> **What the task requires**:
Look below for the line with "by (simp_all add: lucas_balancing_def". Extract that line and each one after it through the last, word for word.

BEGIN Material shown

(* For every natural number $n\geq 1$, $\tau(B_n) > B_{\lfloor \tau(n)/3\rfloor}$, where $\lfloor\cdot\rfloor$ denotes the floor function.
   Context: The balancing numbers $(B_n)_{n\geq 0}$ are defined by $B_0=0$, $B_1=1$, $B_{n+1}=6B_n-B_{n-1}$ for $n\geq 1$. For a positive integer $m$, $\tau(m)$ denotes the number of positive divisors of $m$. *)

theory Defs
  imports Complex_Main
begin

fun balancing :: "nat \<Rightarrow> nat" where
  "balancing 0 = 0"
| "balancing (Suc 0) = 1"
| "balancing (Suc (Suc n)) = 6 * balancing (Suc n) - balancing n"

definition num_divisors :: "nat \<Rightarrow> nat" where
  "num_divisors m = card {d. d dvd m \<and> 0 < d}"

end

theory Submission
  imports Defs "HOL-Number_Theory.Number_Theory"
begin

text \<open>
  For every divisor \<open>d > 1\<close> of \<open>n\<close> the number \<open>B\<^sub>d\<close> has a primitive prime divisor, i.e. one
  dividing no earlier \<open>B\<^sub>m\<close>; it divides \<open>B\<^sub>n\<close> because \<open>B\<^sub>d\<close> does, and distinct \<open>d\<close> give distinct
  primes. Hence \<open>B\<^sub>n\<close> has at least \<open>\<tau>(n) - 1\<close> prime factors and \<open>\<tau>(B\<^sub>n) \<ge> 2\<^sup>\<tau>\<^sup>(\<^sup>n\<^sup>)\<^sup>-\<^sup>1\<close>, while
  \<open>B\<^sub>k \<le> 6\<^sup>k\<^sup>-\<^sup>1 < 2\<^sup>3\<^sup>k\<^sup>-\<^sup>1\<close>.

  Primitive divisors exist by the classical cyclotomic argument. By strong divisibility and lifting
  the exponent, \<open>v\<^sub>p(B\<^sub>d)\<close> is determined by the rank of apparition of \<open>p\<close>; if \<open>B\<^sub>n\<close> had no primitive
  prime divisor, the quotient \<open>\<Phi>\<^sub>n = \<Prod>\<^sub>d\<^sub>|\<^sub>n B\<^sub>d\<^sup>\<mu>\<^sup>(\<^sup>n\<^sup>/\<^sup>d\<^sup>)\<close> would divide the radical of \<open>n\<close>.
  But \<open>B\<^sub>d \<approx> \<alpha>\<^sup>d / (4\<surd>2)\<close> with \<open>\<alpha> = 3 + 2\<surd>2\<close>, so \<open>\<Phi>\<^sub>n\<close> is roughly \<open>\<alpha>\<^sup>\<phi>\<^sup>(\<^sup>n\<^sup>)\<close>, far larger than
  the radical.
\<close>

section \<open>Balancing and Lucas-balancing numbers over the integers\<close>

lemma balancing_le_Suc: "balancing n \<le> balancing (Suc n)"
  by (induction n) auto

definition balancing_int :: "nat \<Rightarrow> int" where
  "balancing_int n = int (balancing n)"

definition lucas_balancing :: "nat \<Rightarrow> int" where
  "lucas_balancing n = balancing_int (Suc n) - 3 * balancing_int n"

lemma balancing_int_0 [simp]: "balancing_int 0 = 0"
  and balancing_int_1 [simp]: "balancing_int (Suc 0) = 1"
  by (simp_all add: balancing_int_def)

lemma balancing_int_nonneg: "balancing_int n \<ge> 0"
  by (simp add: balancing_int_def)

lemma balancing_int_Suc_Suc:
  "balancing_int (Suc (Suc n)) = 6 * balancing_int (Suc n) - balancing_int n"
proof -
  have "balancing n \<le> 6 * balancing (Suc n)"
    using balancing_le_Suc[of n] by linarith
  then show ?thesis
    by (simp add: balancing_int_def of_nat_diff)
qed

lemma lucas_balancing_0 [simp]: "lucas_balancing 0 = 1"
  and lucas_balancing_1 [simp]: "lucas_balancing (Suc 0) = 3"
  by (simp_all add: lucas_balancing_def balancing_int_Suc_Suc)

lemma lucas_balancing_Suc_Suc:
  "lucas_balancing (Suc (Suc n)) = 6 * lucas_balancing (Suc n) - lucas_balancing n"
  by (simp add: lucas_balancing_def balancing_int_Suc_Suc)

END Material shown

> **Exercise response**:
  by (simp_all add: lucas_balancing_def balancing_int_Suc_Suc)

lemma lucas_balancing_Suc_Suc:
  "lucas_balancing (Suc (Suc n)) = 6 * lucas_balancing (Suc n) - lucas_balancing n"
  by (simp add: lucas_balancing_def balancing_int_Suc_Suc)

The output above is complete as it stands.